Наверняка меня бы равно потрясла мясная или скобяная лавка и вообще что угодно вместо нашей торговли семенами. Считать, что коль родился в некоем доме, то у тебя на него вечные права, нелепо. Нелепо, но так ощущаешь. Что ж, заведение отлично соответствовало вывеске. В витрине лазурные драпировки и несколько стандартных кексов: таких, знаете, политых шоколадной глазурью и с воткнутым наверху одиноким грецким орехом. Я вошел. Чаю нисколько не хотелось, мне просто надо было посмотреть.
В кафе, как выяснилось, превратились и магазин, и наша скромная гостиная. Что касается заднего двора, где стоял мусорный ящик и где на грядках отец растил травы разных сортов, двор полностью замостили, расставили там нарочито грубо сколоченные столы, горшки гортензий, прочие «крестьянские» прелести. Я прошел в помещение нашей бывшей гостиной. Море призраков! Призраки пианино, вышитых цитат из Библии на стенах, пары продавленных бордовых кресел, сидя в которых по обе стороны камина, отец с матерью по воскресеньям читали их любимые газеты: он — свой «Народ», она — свои «Всемирные новости». Для оформления новые хозяева выбрали стиль еще более «исконно древний», чем в «Георге»: массивные столы на створчатых опорах, кованый железный светильник, развешанные оловянные тарелки. И замечали вы, какую темень непременно устраивают в этих кафе, претендующих на тонкий вкус? Элемент стильной старины, я полагаю. Вместо обычной официантки девица в какой-то узорчатой хламиде. Встретила она меня кисло и хмуро, заказанный чай принесла лишь минут через десять. Известного сорта чаек — китайский, такой слабенький, что от воды не отличишь, пока не дольешь молока. Сидел я почти точно на том месте, где когда-то располагалось отцовское кресло. Сидел и чуть не наяву слышал, как отец вслух зачитывает нам «кусочки» (его слово) из газетных статей о летательных машинах или о моряке, которого проглотил кит.

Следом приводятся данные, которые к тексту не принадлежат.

lemma has_finite_net_combinations:
  "finite K \<Longrightarrow> (\<And>k. k \<in> K \<Longrightarrow> w k \<in> S) \<Longrightarrow> \<eta> > 0 \<Longrightarrow>
    has_finite_net {(\<lambda>i. \<Sum>k\<in>K. a k * w k i) | a. \<forall>k\<in>K. cmod (a k) \<le> r} \<eta>"
proof (induction K arbitrary: \<eta> rule: finite_induct)
  case empty
  show ?case
    unfolding has_finite_net_def using zero_mem nrm_zero empty.prems
    by (intro exI[of _ "{\<lambda>i. 0}"]) auto
next
  case (insert k K)
  let ?X = "{(\<lambda>i. a * w k i) | a. cmod a \<le> r}"
  let ?Y = "{(\<lambda>i. \<Sum>k\<in>K. a k * w k i) | a. \<forall>k\<in>K. cmod (a k) \<le> r}"
  have "has_finite_net {(\<lambda>i. x i + y i) | x y. x \<in> ?X \<and> y \<in> ?Y} (\<eta>/2 + \<eta>/2)"
    using insert by (intro has_finite_net_add has_finite_net_scaled insert.IH)
      (auto intro!: scale_mem sum_mem)
  moreover have "{(\<lambda>i. \<Sum>k\<in>insert k K. a k * w k i) | a. \<forall>k\<in>insert k K. cmod (a k) \<le> r}
      \<subseteq> {(\<lambda>i. x i + y i) | x y. x \<in> ?X \<and> y \<in> ?Y}"
    using insert.hyps by fastforce
  ultimately show ?case
    by (auto intro: has_finite_net_mono)
qed

lemma has_finite_net_seq_heads:
  assumes B: "bounded_op B" and "\<eta> > 0"
  shows "has_finite_net ((\<lambda>x. seq_head n (B x)) ` unit_ball S nrm) \<eta>"
proof -
  obtain K where K: "K \<ge> 0" "\<And>x. x \<in> S \<Longrightarrow> nrm (B x) \<le> K * nrm x"
    using bounded_opE[OF B] by blast
  let ?H = "{(\<lambda>i. \<Sum>k\<in>{..<n} \<inter> R. a k * unit_vec k i) | a. \<forall>k\<in>{..<n} \<inter> R. cmod (a k) \<le> K}"
  have net: "has_finite_net ?H \<eta>"
    by (rule has_finite_net_combinations) (use unit_vec_mem \<open>\<eta> > 0\<close> in auto)
  have "seq_head n (B x) \<in> ?H" if x: "x \<in> unit_ball S nrm" for x
  proof -
    have BxS: "B x \<in> S"
      using x bounded_op_mem[OF B] by (simp add: unit_ball_def)
    have "cmod (B x k) \<le> K" for k
      using cmod_le_nrm[OF BxS, of k] K(2)[of x] mult_left_le[of "nrm x" K] K(1) x
      by (auto simp: unit_ball_def)
    then show ?thesis
      unfolding seq_head_eq_sum[OF BxS] by blast
  qed
  then show ?thesis
    by (intro has_finite_net_mono[OF net _ order_refl]) auto
qed

lemma convergent_root_hmnc_funpow:
  assumes "bounded_op T"
  shows "convergent (\<lambda>j. root j (hmnc S nrm (T ^^ j)))"
  using assms
  by (intro submultiplicative_root_convergent)
    (simp_all add: hmnc_nonneg bounded_op_funpow hmnc_comp_le funpow_add)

От полноты своих тайных переживаний даже тревожило диковатое чувство, что я втерся обманом и меня, разоблачив, погонят вон, и в то же время ужасно тянуло рассказать кому-нибудь, что я родился здесь, вот в этом доме, и даже более того: искренне ощущаю — этот дом мой. Других посетителей не было. Девица в узорчатой хламиде томилась у окна, мое присутствие явно мешало ей со вкусом поковырять в зубах. Я попросил ее принести ломтик кекса. «Домашняя выпечка»! Как же! На маргарине и яичном порошке. Но все-таки очень хотелось поговорить, и я спросил:
— Давно вы в Нижнем Бинфилде?
Девица вздрогнула, недоуменно глянула и промолчала.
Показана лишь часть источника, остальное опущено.